● TASK STATEMENT: Among the lines of the records, please find those that contain the word "else" and copy them.

[Collected data]
(* The relaxed capacity allocation subproblem (defined below) is equivalent to the maximum net-flow problem on the graph $Z$ (defined below). Hence, for any given set of VNF-nodes $\mathcal{U} \subseteq \mathcal{V}$, the optimal value of the relaxed capacity allocation subproblem equals the maximum total net-flow at the sinks in $\mathcal{U} \subseteq \mathcal{N}_{\mathcal{V}}$ of the associated graph $Z$, i.e., $R_3(\mathcal{U}) = F(\mathcal{U})$.
   Context: Setting: a network with node set $\mathcal{V}$ and a set of flows $\mathcal{F}$; flow $f$ has traffic rate $\lambda_f$ and is routed along a fixed path whose node set is $\mathcal{V}_f$; each node $v$ has processing capacity $c_v$. For a given set of VNF-nodes $\mathcal{U} \subseteq \mathcal{V}$, an assignment $\boldsymbol{\lambda}=(\lambda_f^v)\ge 0$ (the portion of flow $f$ processed at node $v$) is feasible, written $\boldsymbol{\lambda}\in\Lambda^{\mathcal{U}}$, if $\sum_{f \in \mathcal{F}} \lambda_f^v \le c_v$ for all $v \in \mathcal{U}$, $\lambda_f^v = 0$ for all $f$ and all $v \notin \mathcal{U}$, and $\sum_{v \in \mathcal{U}} \lambda_f^v \le \lambda_f$ for all $f$. The relaxed capacity allocation subproblem is to maximize $R_2^{\mathcal{U}}(\boldsymbol{\lambda}) = \sum_{f\in\mathcal{F}} \sum_{v \in \mathcal{V}_f \cap \mathcal{U}} \lambda_f^v$ over $\boldsymbol{\lambda}\in\Lambda^{\mathcal{U}}$, and $R_3(\mathcal{U}) = \max_{\boldsymbol{\lambda}\in\Lambda^{\mathcal{U}}} R_2^{\mathcal{U}}(\boldsymbol{\lambda})$ denotes its optimal value. Graph $Z=(\mathcal{N},\mathcal{L})$: vertices are a source $s$, a flow-vertex $f$ for each $f\in\mathcal{F}$ (set $\mathcal{N}_{\mathcal{F}}$), a vertex $v'$ for each $v\in\mathcal{V}$ (set $\mathcal{N}_{\mathcal{V}'}$), and a vertex $v$ for each $v \in \mathcal{V}$ (set $\mathcal{N}_{\mathcal{V}}$, the sinks). Edges: $(s,f)$ with capacity $\lambda_f$ for every $f$; $(f,v')$ with capacity $\lambda_f$ for every $f$ and every $v\in\mathcal{V}_f$; $(v',v)$ with capacity $c_v$ for every $v$. Let $c(x,y)$ be the edge capacity ($c(x,y)=0$ if $(x,y)\notin\mathcal{L}$). For $\varphi:\mathcal{N}\times\mathcal{N}\to\mathbb{R}_+$ let $\Phi(\mathcal{X},\mathcal{Y})=\sum_{x\in\mathcal{X}}\sum_{y\in\mathcal{Y}}\varphi(x,y)$. An $s$-$\mathcal{V}$ flow is such a $\varphi$ with $\varphi(x,y)\le c(x,y)$ for all pairs, zero net-flow $\Phi(\mathcal{N},\{x\})-\Phi(\{x\},\mathcal{N})=0$ at every vertex other than $s$ and the sinks, non-positive net-flow at $s$, and non-negative net-flow at every sink in $\mathcal{N}_{\mathcal{V}}$; $\overline{\mathcal{F}}$ is the set of all $s$-$\mathcal{V}$ flows. Identifying $\mathcal{U}\subseteq\mathcal{V}$ with the corresponding sinks in $\mathcal{N}_{\mathcal{V}}$, $F(\mathcal{U}) = \max_{\varphi \in \overline{\mathcal{F}}} (\Phi(\mathcal{N}, \mathcal{U}) - \Phi(\mathcal{U}, \mathcal{N}))$ is the maximum total net-flow at the sinks in $\mathcal{U}$ (the maximum net-flow problem). *)

theory Defs
  imports Complex_Main
begin

text \<open>V: node set, Fl: flow set, rate f: traffic rate of flow f,
  path f: node set of the path of f, c v: processing capacity of v.
  An assignment lam f v is the portion of flow f processed at v.\<close>

definition feasible ::
  "'v set \<Rightarrow> 'f set \<Rightarrow> ('f \<Rightarrow> real) \<Rightarrow> ('v \<Rightarrow> real) \<Rightarrow> 'v set \<Rightarrow> ('f \<Rightarrow> 'v \<Rightarrow> real) set" where
  "feasible V Fl rate c U =
     {lam. (\<forall>f\<in>Fl. \<forall>v\<in>V. lam f v \<ge> 0)
         \<and> (\<forall>v\<in>U. (\<Sum>f\<in>Fl. lam f v) \<le> c v)
         \<and> (\<forall>f\<in>Fl. \<forall>v\<in>V. v \<notin> U \<longrightarrow> lam f v = 0)
         \<and> (\<forall>f\<in>Fl. (\<Sum>v\<in>U. lam f v) \<le> rate f)}"

definition R2 :: "'f set \<Rightarrow> ('f \<Rightarrow> 'v set) \<Rightarrow> 'v set \<Rightarrow> ('f \<Rightarrow> 'v \<Rightarrow> real) \<Rightarrow> real" where
  "R2 Fl path U lam = (\<Sum>f\<in>Fl. \<Sum>v\<in>path f \<inter> U. lam f v)"

text \<open>Optimal value of the relaxed capacity allocation subproblem (the maximum,
  expressed as a supremum over the feasible set).\<close>
definition R3 ::
  "'v set \<Rightarrow> 'f set \<Rightarrow> ('f \<Rightarrow> real) \<Rightarrow> ('f \<Rightarrow> 'v set) \<Rightarrow> ('v \<Rightarrow> real) \<Rightarrow> 'v set \<Rightarrow> real" where
  "R3 V Fl rate path c U = (SUP lam \<in> feasible V Fl rate c U. R2 Fl path U lam)"

datatype ('f, 'v) znode = Src | FN 'f | VP 'v | VN 'v

definition znodes :: "'v set \<Rightarrow> 'f set \<Rightarrow> ('f, 'v) znode set" where
  "znodes V Fl = {Src} \<union> FN ` Fl \<union> VP ` V \<union> VN ` V"

text \<open>Edge capacities; 0 for pairs that are not edges.\<close>
fun zcap ::
  "'v set \<Rightarrow> 'f set \<Rightarrow> ('f \<Rightarrow> real) \<Rightarrow> ('f \<Rightarrow> 'v set) \<Rightarrow> ('v \<Rightarrow> real)
   \<Rightarrow> ('f, 'v) znode \<Rightarrow> ('f, 'v) znode \<Rightarrow> real" where
  "zcap V Fl rate path c Src (FN f) = (if f \<in> Fl then rate f else 0)"
| "zcap V Fl rate path c (FN f) (VP v) = (if f \<in> Fl \<and> v \<in> path f then rate f else 0)"
| "zcap V Fl rate path c (VP v) (VN w) = (if v = w \<and> v \<in> V then c v else 0)"
| "zcap V Fl rate path c _ _ = 0"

● ANSWER BOX:
  "zcap V Fl rate path c Src (FN f) = (if f \<in> Fl then rate f else 0)"
| "zcap V Fl rate path c (FN f) (VP v) = (if f \<in> Fl \<and> v \<in> path f then rate f else 0)"
| "zcap V Fl rate path c (VP v) (VN w) = (if v = w \<and> v \<in> V then c v else 0)"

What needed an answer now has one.